Stored data entries:
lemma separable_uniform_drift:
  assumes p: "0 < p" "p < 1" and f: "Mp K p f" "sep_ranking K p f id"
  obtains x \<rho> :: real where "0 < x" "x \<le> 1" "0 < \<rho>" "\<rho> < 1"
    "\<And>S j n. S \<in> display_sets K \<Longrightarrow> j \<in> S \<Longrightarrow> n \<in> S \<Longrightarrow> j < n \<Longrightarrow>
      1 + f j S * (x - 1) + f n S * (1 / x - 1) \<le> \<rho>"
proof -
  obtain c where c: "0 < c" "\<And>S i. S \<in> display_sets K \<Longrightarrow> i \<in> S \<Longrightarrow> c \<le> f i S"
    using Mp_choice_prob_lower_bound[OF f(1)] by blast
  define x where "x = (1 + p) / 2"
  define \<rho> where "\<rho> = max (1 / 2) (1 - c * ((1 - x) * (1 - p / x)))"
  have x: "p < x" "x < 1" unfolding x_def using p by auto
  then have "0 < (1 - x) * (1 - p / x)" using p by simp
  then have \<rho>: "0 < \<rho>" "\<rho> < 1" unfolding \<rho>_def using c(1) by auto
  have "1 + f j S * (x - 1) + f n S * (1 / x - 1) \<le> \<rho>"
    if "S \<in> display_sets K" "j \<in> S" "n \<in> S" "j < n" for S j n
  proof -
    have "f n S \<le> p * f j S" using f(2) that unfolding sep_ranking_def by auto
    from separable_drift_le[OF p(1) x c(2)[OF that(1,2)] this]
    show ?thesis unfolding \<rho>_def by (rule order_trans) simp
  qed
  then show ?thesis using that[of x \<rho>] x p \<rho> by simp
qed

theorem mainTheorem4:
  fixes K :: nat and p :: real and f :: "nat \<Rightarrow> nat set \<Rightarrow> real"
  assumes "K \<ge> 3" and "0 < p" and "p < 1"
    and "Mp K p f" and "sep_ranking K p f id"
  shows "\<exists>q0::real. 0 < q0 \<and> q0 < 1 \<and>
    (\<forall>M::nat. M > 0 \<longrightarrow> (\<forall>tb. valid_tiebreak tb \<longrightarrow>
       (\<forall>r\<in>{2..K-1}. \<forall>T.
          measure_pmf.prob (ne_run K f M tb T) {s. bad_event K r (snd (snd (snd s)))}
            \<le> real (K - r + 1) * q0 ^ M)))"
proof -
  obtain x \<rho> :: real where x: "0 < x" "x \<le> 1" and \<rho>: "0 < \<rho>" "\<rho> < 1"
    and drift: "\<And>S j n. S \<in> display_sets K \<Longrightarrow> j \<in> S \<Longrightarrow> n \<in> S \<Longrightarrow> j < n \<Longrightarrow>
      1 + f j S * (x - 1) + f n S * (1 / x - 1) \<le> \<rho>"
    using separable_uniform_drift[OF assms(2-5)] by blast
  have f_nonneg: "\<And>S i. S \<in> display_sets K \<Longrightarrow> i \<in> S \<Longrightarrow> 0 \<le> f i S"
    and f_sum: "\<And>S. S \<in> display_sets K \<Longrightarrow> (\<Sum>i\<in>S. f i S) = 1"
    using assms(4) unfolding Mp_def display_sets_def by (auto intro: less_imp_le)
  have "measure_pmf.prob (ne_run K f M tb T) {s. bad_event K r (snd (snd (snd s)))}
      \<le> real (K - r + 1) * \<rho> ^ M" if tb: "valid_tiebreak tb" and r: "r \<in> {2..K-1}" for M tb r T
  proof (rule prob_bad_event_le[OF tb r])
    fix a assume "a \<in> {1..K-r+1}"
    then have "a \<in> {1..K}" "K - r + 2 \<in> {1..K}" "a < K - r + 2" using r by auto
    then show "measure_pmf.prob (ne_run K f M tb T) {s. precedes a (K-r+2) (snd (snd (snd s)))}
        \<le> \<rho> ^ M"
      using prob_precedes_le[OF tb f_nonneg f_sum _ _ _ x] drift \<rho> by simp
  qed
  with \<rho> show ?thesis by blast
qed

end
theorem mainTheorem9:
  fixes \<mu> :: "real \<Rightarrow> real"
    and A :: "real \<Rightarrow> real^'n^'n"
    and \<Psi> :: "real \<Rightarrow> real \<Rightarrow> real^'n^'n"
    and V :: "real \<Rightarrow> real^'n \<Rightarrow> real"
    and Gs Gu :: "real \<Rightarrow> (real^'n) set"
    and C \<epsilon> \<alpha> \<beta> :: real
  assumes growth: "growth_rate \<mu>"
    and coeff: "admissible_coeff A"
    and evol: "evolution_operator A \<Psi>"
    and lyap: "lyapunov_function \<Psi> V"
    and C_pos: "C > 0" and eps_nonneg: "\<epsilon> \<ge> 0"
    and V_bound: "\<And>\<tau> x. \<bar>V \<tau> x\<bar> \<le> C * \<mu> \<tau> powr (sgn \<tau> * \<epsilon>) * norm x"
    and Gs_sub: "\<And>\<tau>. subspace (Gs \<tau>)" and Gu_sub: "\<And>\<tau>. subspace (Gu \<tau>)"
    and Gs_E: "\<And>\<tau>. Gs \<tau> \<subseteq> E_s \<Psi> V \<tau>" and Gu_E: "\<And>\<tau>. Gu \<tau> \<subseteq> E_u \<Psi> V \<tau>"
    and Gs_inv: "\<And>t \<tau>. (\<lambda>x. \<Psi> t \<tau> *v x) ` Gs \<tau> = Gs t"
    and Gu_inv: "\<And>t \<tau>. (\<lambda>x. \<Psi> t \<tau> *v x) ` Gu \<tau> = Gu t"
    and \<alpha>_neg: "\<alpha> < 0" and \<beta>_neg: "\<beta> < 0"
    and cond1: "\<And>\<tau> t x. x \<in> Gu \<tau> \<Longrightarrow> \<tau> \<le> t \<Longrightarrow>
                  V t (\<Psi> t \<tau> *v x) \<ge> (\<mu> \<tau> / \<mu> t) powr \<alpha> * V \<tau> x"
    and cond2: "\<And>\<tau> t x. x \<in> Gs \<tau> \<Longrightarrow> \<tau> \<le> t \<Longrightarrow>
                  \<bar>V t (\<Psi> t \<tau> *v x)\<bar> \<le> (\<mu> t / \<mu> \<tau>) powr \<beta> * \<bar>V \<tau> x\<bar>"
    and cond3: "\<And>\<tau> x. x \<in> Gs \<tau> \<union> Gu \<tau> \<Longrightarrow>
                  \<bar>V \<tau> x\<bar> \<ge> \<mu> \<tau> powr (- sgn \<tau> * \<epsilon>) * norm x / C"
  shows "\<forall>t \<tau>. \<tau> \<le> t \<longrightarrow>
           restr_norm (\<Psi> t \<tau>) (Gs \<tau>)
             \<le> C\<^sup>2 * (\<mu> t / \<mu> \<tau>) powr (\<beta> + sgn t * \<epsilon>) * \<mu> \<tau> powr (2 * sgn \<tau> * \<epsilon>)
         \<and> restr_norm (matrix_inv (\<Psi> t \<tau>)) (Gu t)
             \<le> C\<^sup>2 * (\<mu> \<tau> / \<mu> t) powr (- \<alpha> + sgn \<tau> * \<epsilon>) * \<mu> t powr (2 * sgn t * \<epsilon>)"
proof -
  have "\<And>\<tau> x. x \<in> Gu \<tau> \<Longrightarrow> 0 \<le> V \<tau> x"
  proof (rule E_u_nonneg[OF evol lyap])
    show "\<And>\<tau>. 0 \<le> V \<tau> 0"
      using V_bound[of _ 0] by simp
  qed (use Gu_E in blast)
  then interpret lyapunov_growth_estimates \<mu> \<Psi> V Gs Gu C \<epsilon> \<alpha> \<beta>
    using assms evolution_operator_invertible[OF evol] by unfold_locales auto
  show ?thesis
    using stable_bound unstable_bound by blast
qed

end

ACTIVITY: In the records, which lines mention the word "define"? Copy those lines.

SOLUTION TO THE PROBLEM:
  define x where "x = (1 + p) / 2"
  define \<rho> where "\<rho> = max (1 / 2) (1 - c * ((1 - x) * (1 - p / x)))"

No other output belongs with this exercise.